Don’t Sit On The Ravioli
Some of the best times growing up Italian, were the holiday’s. Christmas, Easter, Thanksgiving were always special events, along with my grandmother’s birthday. Besides getting to see all the aunts and uncles… “don’t forget to kiss your aunts” mom word warn us before we left the house and on the way in to my grandmother’s house, the food was the best.

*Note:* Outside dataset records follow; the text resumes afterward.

(* Every ado-semilattice $(S,\sqcup,\cap)$ is a $\curlyvee$-algebra when one defines $a\curlyvee b=(a\sqcup b)\cap(b\sqcup a)$. Consequently, every functional algebra of signature $(\curlyvee)$ is a $\curlyvee$-algebra.
   Context: An o-semilattice is an algebra $(L,\cap,\sqcup)$ such that $(L,\cap)$ is a semilattice and, with $x\leq y$ iff $x=x\cap y$, for all $x,y,z$: (i) $x\leq x\sqcup y$; (ii) $(x\cap y)\sqcup(y\cap z)\leq y$; (iii) $x\sqcup y\leq x\sqcup(y\cap(x\sqcup y))$; (iv) $x\cap z\leq(x\cap y)\sqcup z$. It is distributive if $(a\cap d)\sqcup((b\cap d)\cap(c\cap d))=((a\cap d)\sqcup(b\cap d))\cap((a\cap d)\sqcup(c\cap d))$ for all $a,b,c,d$. An ado-semilattice is a distributive o-semilattice in which $\sqcup$ is associative. A left regular band is a set with a binary operation $\sqcup$ satisfying $a\sqcup(b\sqcup c)=(a\sqcup b)\sqcup c$, $a\sqcup a=a$, $a\sqcup b=(a\sqcup b)\sqcup a$; write $a\lesssim b$ iff $b\sqcup a=b$. A $\curlyvee$-algebra is an algebra $(S,\curlyvee)$ such that, defining $a\sqcup b=a\curlyvee(a\curlyvee b)$: $(S,\sqcup)$ is a left regular band; $\curlyvee$ is commutative and idempotent; $(a\curlyvee b)\sqcup(a\sqcup b)=a\sqcup b$; $a\sqcup(b\curlyvee c)=(a\sqcup b)\curlyvee(a\sqcup c)$; and if $d\lesssim a,b,c,a\curlyvee b,b\curlyvee c$ then $d\lesssim a\curlyvee c$. For sets $X,Y$, $\mathrm{Par}(X,Y)$ is the set of partial functions $X\to Y$ as sets of pairs; for $f,g$, $g-f$ is the restriction of $g$ to $X\setminus\mathrm{dom}(f)$ and restricted union is $f\curlyvee g=(f-g)\cup(f\cap g)\cup(g-f)$. A functional algebra of signature $(\curlyvee)$ is one isomorphic to $(A,\curlyvee)$ with $A\subseteq\mathrm{Par}(X,Y)$ closed under restricted union. *)

theory Defs
  imports Main
begin

definition meet_semilattice :: "'a set \<Rightarrow> ('a \<Rightarrow> 'a \<Rightarrow> 'a) \<Rightarrow> bool" where
  "meet_semilattice S m \<longleftrightarrow>
     (\<forall>x\<in>S. \<forall>y\<in>S. m x y \<in> S) \<and>
     (\<forall>x\<in>S. \<forall>y\<in>S. \<forall>z\<in>S. m (m x y) z = m x (m y z)) \<and>
     (\<forall>x\<in>S. \<forall>y\<in>S. m x y = m y x) \<and>
     (\<forall>x\<in>S. m x x = x)"

definition sl_le :: "('a \<Rightarrow> 'a \<Rightarrow> 'a) \<Rightarrow> 'a \<Rightarrow> 'a \<Rightarrow> bool" where
  "sl_le m x y \<longleftrightarrow> x = m x y"

definition o_semilattice :: "'a set \<Rightarrow> ('a \<Rightarrow> 'a \<Rightarrow> 'a) \<Rightarrow> ('a \<Rightarrow> 'a \<Rightarrow> 'a) \<Rightarrow> bool" where
  "o_semilattice S m j \<longleftrightarrow>
     meet_semilattice S m \<and>
     (\<forall>x\<in>S. \<forall>y\<in>S. j x y \<in> S) \<and>
     (\<forall>x\<in>S. \<forall>y\<in>S. sl_le m x (j x y)) \<and>
     (\<forall>x\<in>S. \<forall>y\<in>S. \<forall>z\<in>S. sl_le m (j (m x y) (m y z)) y) \<and>
     (\<forall>x\<in>S. \<forall>y\<in>S. sl_le m (j x y) (j x (m y (j x y)))) \<and>
     (\<forall>x\<in>S. \<forall>y\<in>S. \<forall>z\<in>S. sl_le m (m x z) (j (m x y) z))"

definition distributive_os :: "'a set \<Rightarrow> ('a \<Rightarrow> 'a \<Rightarrow> 'a) \<Rightarrow> ('a \<Rightarrow> 'a \<Rightarrow> 'a) \<Rightarrow> bool" where
  "distributive_os S m j \<longleftrightarrow>
     (\<forall>a\<in>S. \<forall>b\<in>S. \<forall>c\<in>S. \<forall>d\<in>S.
        j (m a d) (m (m b d) (m c d)) = m (j (m a d) (m b d)) (j (m a d) (m c d)))"

definition ado_semilattice :: "'a set \<Rightarrow> ('a \<Rightarrow> 'a \<Rightarrow> 'a) \<Rightarrow> ('a \<Rightarrow> 'a \<Rightarrow> 'a) \<Rightarrow> bool" where
  "ado_semilattice S m j \<longleftrightarrow>
     o_semilattice S m j \<and> distributive_os S m j \<and>
     (\<forall>a\<in>S. \<forall>b\<in>S. \<forall>c\<in>S. j a (j b c) = j (j a b) c)"

definition left_regular_band :: "'a set \<Rightarrow> ('a \<Rightarrow> 'a \<Rightarrow> 'a) \<Rightarrow> bool" where
  "left_regular_band S j \<longleftrightarrow>
     (\<forall>a\<in>S. \<forall>b\<in>S. j a b \<in> S) \<and>
     (\<forall>a\<in>S. \<forall>b\<in>S. \<forall>c\<in>S. j a (j b c) = j (j a b) c) \<and>
     (\<forall>a\<in>S. j a a = a) \<and>
     (\<forall>a\<in>S. \<forall>b\<in>S. j a b = j (j a b) a)"

definition lrb_le :: "('a \<Rightarrow> 'a \<Rightarrow> 'a) \<Rightarrow> 'a \<Rightarrow> 'a \<Rightarrow> bool" where
  "lrb_le j a b \<longleftrightarrow> j b a = b"

definition vee_join :: "('a \<Rightarrow> 'a \<Rightarrow> 'a) \<Rightarrow> 'a \<Rightarrow> 'a \<Rightarrow> 'a" where
  "vee_join v a b = v a (v a b)"

definition vee_algebra :: "'a set \<Rightarrow> ('a \<Rightarrow> 'a \<Rightarrow> 'a) \<Rightarrow> bool" where
  "vee_algebra S v \<longleftrightarrow>
     (\<forall>a\<in>S. \<forall>b\<in>S. v a b \<in> S) \<and>
     left_regular_band S (vee_join v) \<and>
     (\<forall>a\<in>S. \<forall>b\<in>S. v a b = v b a) \<and>
     (\<forall>a\<in>S. v a a = a) \<and>
     (\<forall>a\<in>S. \<forall>b\<in>S. vee_join v (v a b) (vee_join v a b) = vee_join v a b) \<and>
     (\<forall>a\<in>S. \<forall>b\<in>S. \<forall>c\<in>S.
        vee_join v a (v b c) = v (vee_join v a b) (vee_join v a c)) \<and>
     (\<forall>a\<in>S. \<forall>b\<in>S. \<forall>c\<in>S. \<forall>d\<in>S.
        lrb_le (vee_join v) d a \<and> lrb_le (vee_join v) d b \<and> lrb_le (vee_join v) d c \<and>
        lrb_le (vee_join v) d (v a b) \<and> lrb_le (vee_join v) d (v b c)
        \<longrightarrow> lrb_le (vee_join v) d (v a c))"

definition Par :: "'x set \<Rightarrow> 'y set \<Rightarrow> ('x \<times> 'y) set set" where
  "Par X Y = {f. f \<subseteq> X \<times> Y \<and> single_valued f}"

We would always spend Easter at my maternal grandmother’s, where she lived with my mom’s brother uncle Frank and aunt Dolly ( real name Italia ) but that was off limits. Aunt Dolly would always make a coconut cake in the shape of a lamb, Aunt Mary would make the “gravy” or sauce for you purists, and uncle Frank would make home made ravioli. It was quite amazing to watch uncle Frank roll out a perfect 3’ by 3’ sheet of pasta using a wooden dowel. Always the perfect thickness. He would spoon on the filling an make about 24 at a time, and in the end make about 10 dozen or so, and with the scraps hand cut linguini preferred by grandma.
But that’s not the story! As uncle Frank would finish each batch, one of us would run them over to the sofa covered in sheets so that they could dry out for an hour or so before they went into the pot of boiling water. One year, my cousin Frank, who was about 16 at the time, dressed in his Easter finery, plopped right down on the couch. Needless to say, several Italian women screamed, Frank you sat on the ravioli. He jumped up, ran out the door, saying “You are all crazy, who puts ravioli on the sofa”!
Almost 50 years later I wrote and recorded the Ravioli song in honor of my cousin Frank and all the good times we had.